中国では現在、小規模な水力発電所は閉鎖され、新規で大規模なプロジェクトは困難になっているのが現状である。従って、既存の水力発電によるアルミ電解製錬事業はコスト面において大きな競争力を持っていると言える。2022年末までに小規模水力発電所7,000カ所以上が閉鎖される計画である。一方大規模な水力発電所の建設には住民の移転問題が絡み、建設期間が長期にわたることが懸念される。

4.今後の主流は再生アルミに:

アルミニウムの生産はボーキサイトの採掘、アルミナ精製、陽極調製、電気分解、インゴット製造と5つの工程が含まれ、それぞれエネルギー消費量の占める割合は1%、21%、2%、74%、2%となっている。再生アルミニウムの製造には前処理・製錬・輸送の3段階があり、それぞれエネルギー消費量の占める割合は56%、24%、20%となっている。

再生アルミの使途は今後、合金地金の純度と機械特性および鋳造技術の向上で、建築・通信・電子・包装・自動車などへと利用分野が広がっていくだろう。

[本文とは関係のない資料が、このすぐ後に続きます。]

(* Let $\pi_n$ be a posterior density on $\Theta$, $f^*_{\hat\theta}$ a probability density symmetric about $\hat\theta\in\Theta$, $q^*_{\hat\theta}=2f^*_{\hat\theta}w^*_{\hat\theta}$, and let $q_{\hat\theta}(\theta)=2f^*_{\hat\theta}(\theta)w_{\hat\theta}(\theta)$ where $w_{\hat\theta}:\Theta\to[0,1]$ is any (measurable) function with $w_{\hat\theta}(\theta)=1-w_{\hat\theta}(2\hat\theta-\theta)$ for all $\theta$. Then for every such $w_{\hat\theta}$, every $\hat\theta\in\Theta$ and every sample size $n$, $$\mathcal{D}[\pi_n\,\|\,q^*_{\hat\theta}]\le\mathcal{D}[\pi_n\,\|\,q_{\hat\theta}],$$ where $\mathcal{D}$ is $\mathcal{D}_{TV}$ or any $\alpha$-divergence $\mathcal{D}_\alpha$, $\alpha\in\mathbb{R}\setminus\{0,1\}$ (including the limiting Kullback–Leibler cases $\alpha\to0,1$).
   Context: Posterior $\pi_n(\theta)=\pi(\theta)L(\theta;y_{1:n})/c(y_{1:n})$ on $\Theta\subseteq\mathbb{R}^d$, $\Theta$ symmetric about $\hat\theta$. Symmetric about $\hat\theta$ means $f(\theta)=f(2\hat\theta-\theta)$. Skewness-inducing factor: $w^*_{\hat\theta}(\theta)=\frac{\pi(\theta)L(\theta;y_{1:n})}{\pi(\theta)L(\theta;y_{1:n})+\pi(2\hat\theta-\theta)L(2\hat\theta-\theta;y_{1:n})}$, set to $1/2$ when numerator and denominator both vanish. $\mathcal{D}_{TV}[p\|q]=\tfrac12\int|p-q|$; $\mathcal{D}_\alpha[p\|q]=\frac{1}{\alpha(1-\alpha)}(1-\int p^\alpha q^{1-\alpha})$; limits $\alpha\to1$: $\mathrm{KL}[p\|q]$, $\alpha\to0$: $\mathrm{KL}[q\|p]$. *)

theory Defs
  imports "HOL-Analysis.Analysis"
begin

definition refl_pt :: "'a::real_vector \<Rightarrow> 'a \<Rightarrow> 'a" where
  "refl_pt th t = 2 *\<^sub>R th - t"

definition sym_about :: "'a::real_vector \<Rightarrow> 'a set \<Rightarrow> bool" where
  "sym_about th S \<longleftrightarrow> (\<forall>t\<in>S. refl_pt th t \<in> S)"

definition post_norm :: "('a::euclidean_space \<Rightarrow> real) \<Rightarrow> ('a \<Rightarrow> real) \<Rightarrow> 'a set \<Rightarrow> real" where
  "post_norm prior lik S = enn2real (\<integral>\<^sup>+ t. ennreal (prior t * lik t) * indicator S t \<partial>lborel)"

definition posterior :: "('a::euclidean_space \<Rightarrow> real) \<Rightarrow> ('a \<Rightarrow> real) \<Rightarrow> 'a set \<Rightarrow> 'a \<Rightarrow> real" where
  "posterior prior lik S t = prior t * lik t / post_norm prior lik S"

text \<open>Skewness-inducing factor w*, set to 1/2 when numerator and denominator both vanish.\<close>
definition skew_factor :: "('a::real_vector \<Rightarrow> real) \<Rightarrow> ('a \<Rightarrow> real) \<Rightarrow> 'a \<Rightarrow> 'a \<Rightarrow> real" where
  "skew_factor prior lik th t =
     (let a = prior t * lik t; b = prior (refl_pt th t) * lik (refl_pt th t)
      in if a = 0 \<and> a + b = 0 then 1/2 else a / (a + b))"

definition skew_density :: "('a \<Rightarrow> real) \<Rightarrow> ('a \<Rightarrow> real) \<Rightarrow> 'a \<Rightarrow> real" where
  "skew_density f w t = 2 * f t * w t"

definition TV_div :: "'a::euclidean_space set \<Rightarrow> ('a \<Rightarrow> real) \<Rightarrow> ('a \<Rightarrow> real) \<Rightarrow> ennreal" where
  "TV_div S p q = ennreal (1/2) * (\<integral>\<^sup>+ t. ennreal \<bar>p t - q t\<bar> * indicator S t \<partial>lborel)"

definition pow_e :: "real \<Rightarrow> real \<Rightarrow> ennreal" where
  "pow_e x a = (if x > 0 then ennreal (x powr a) else if a > 0 then 0 else if a = 0 then 1 else \<infinity>)"

definition alpha_div :: "real \<Rightarrow> 'a::euclidean_space set \<Rightarrow> ('a \<Rightarrow> real) \<Rightarrow> ('a \<Rightarrow> real) \<Rightarrow> ereal" where
  "alpha_div \<alpha> S p q = ereal (1 / (\<alpha> * (1 - \<alpha>))) *
     (1 - enn2ereal (\<integral>\<^sup>+ t. pow_e (p t) \<alpha> * pow_e (q t) (1 - \<alpha>) * indicator S t \<partial>lborel))"

text \<open>Kullback-Leibler divergence int p log(p/q), as positive part minus negative part
  of the integrand (0 log(0/q) = 0, p log(p/0) = infinity for p > 0).\<close>
definition kl_pos :: "real \<Rightarrow> real \<Rightarrow> ennreal" where
  "kl_pos x y = (if x \<le> 0 then 0 else if y \<le> 0 then \<infinity> else ennreal (x * ln (x / y)))"

definition kl_neg :: "real \<Rightarrow> real \<Rightarrow> ennreal" where
  "kl_neg x y = (if x \<le> 0 \<or> y \<le> 0 then 0 else ennreal (- (x * ln (x / y))))"

definition KL_div :: "'a::euclidean_space set \<Rightarrow> ('a \<Rightarrow> real) \<Rightarrow> ('a \<Rightarrow> real) \<Rightarrow> ereal" where
  "KL_div S p q = enn2ereal (\<integral>\<^sup>+ t. kl_pos (p t) (q t) * indicator S t \<partial>lborel)
                 - enn2ereal (\<integral>\<^sup>+ t. kl_neg (p t) (q t) * indicator S t \<partial>lborel)"

end

theory Submission
  imports Defs
begin
text \<open>(\<iota>^* b \<iota>)^{-1} on ran(G) (extended arbitrarily outside ran(G)).\<close>
definition compressed_inv :: "'b::chilbert set \<Rightarrow> ('b \<Rightarrow> 'b) \<Rightarrow> 'b \<Rightarrow> 'b" where
  "compressed_inv R b = inv_into R (\<lambda>z. cproj R (b z))"

definition wot_conv_on :: "'b::chilbert set \<Rightarrow> (nat \<Rightarrow> 'b \<Rightarrow> 'b) \<Rightarrow> ('b \<Rightarrow> 'b) \<Rightarrow> bool" where
  "wot_conv_on R T L \<longleftrightarrow> (\<forall>x\<in>R. \<forall>y\<in>R. (\<lambda>n. cinner (T n x) y) \<longlonglongrightarrow> cinner (L x) y)"

end

theory Submission
  imports Defs "HOL-Library.Diagonal_Subsequence"
begin

text \<open>Write \<open>R = ran G\<close> and \<open>T\<^sub>n = (\<iota>\<^sup>* a\<^sub>n \<iota>)\<^sup>-\<^sup>1\<close>, \<open>T = (\<iota>\<^sup>* a \<iota>)\<^sup>-\<^sup>1\<close>. Coercivity makes all these
operators bounded by \<open>1/\<mu>\<close>, so it suffices to prove \<open>\<langle>T\<^sub>n x, y\<rangle> \<rightarrow> \<langle>T x, y\<rangle>\<close> for \<open>x\<close> in the
subspace \<open>R \<inter> dom G\<^sup>*\<close>, which is dense in \<open>R\<close>. For such \<open>x\<close> the vector \<open>a\<^sub>n T\<^sub>n x - x\<close> is
orthogonal to \<open>R\<close>, i.e. lies in \<open>ker G\<^sup>* \<subseteq> ker D\<close>, so \<open>-D (a\<^sub>n T\<^sub>n x) = -D x\<close> is independent of
\<open>n\<close>. The compact embedding yields a Poincare inequality, hence \<open>T\<^sub>n x = G u\<^sub>n\<close> with \<open>(u\<^sub>n)\<close>
bounded in \<open>dom G\<close>. Along a weakly convergent subsequence \<open>u\<^sub>k \<rightharpoonup> u\<close> the convergence
independent of the boundary conditions gives \<open>a\<^sub>n\<^sub>k G u\<^sub>k \<rightharpoonup> a G u\<close>; projecting onto \<open>R\<close> gives
\<open>\<iota>\<^sup>* a G u = x\<close>, i.e. \<open>G u = T x\<close>. So every subsequence of \<open>\<langle>T\<^sub>n x, y\<rangle>\<close> has a further
subsequence converging to \<open>\<langle>T x, y\<rangle>\<close>.\<close>

section \<open>Complex inner product spaces\<close>

lemma scaleC_zero_right[simp]: "scaleC c 0 = 0"
proof -
  have "scaleC c 0 = scaleC c (0 + 0)" by simp
  also have "\<dots> = scaleC c 0 + scaleC c 0" by (rule scaleC_add_right)
  finally show ?thesis by simp
qed

lemma scaleC_zero_left[simp]: "scaleC 0 x = 0"
  using scaleR_scaleC[of 0 x] by simp

lemma scaleC_minus_right: "scaleC c (- x) = - scaleC c x"
proof -
  have "scaleC c (- x) + scaleC c x = 0" using scaleC_add_right[of c "-x" x] by simp
  thus ?thesis by (simp add: eq_neg_iff_add_eq_0)
qed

再生アルミ業界はリサイクル産業と循環型経済のカテゴリーに属しているが、国の奨励産業リストに加えられたことで、企業は新規事業を開始するに際しての政府の許認可、融資および土地利用などに係る審査に、政府からの支援策を受けることができる。同時に、政府は再生アルミ産業の発展のために、低水準企業の閉鎖・淘汰を図るとともに市場環境の改善など一連の支援策を打ち出している。

参考:

3060ダブルカーボン:2020年から始められた中国の脱炭素政策、「双炭」とも呼ばれる。

①2030年までにCO2排出量を減少に転じさせる(Carbon Peakout)。

②2060年までにCO2排出量をゼロにする(Carbon Control)。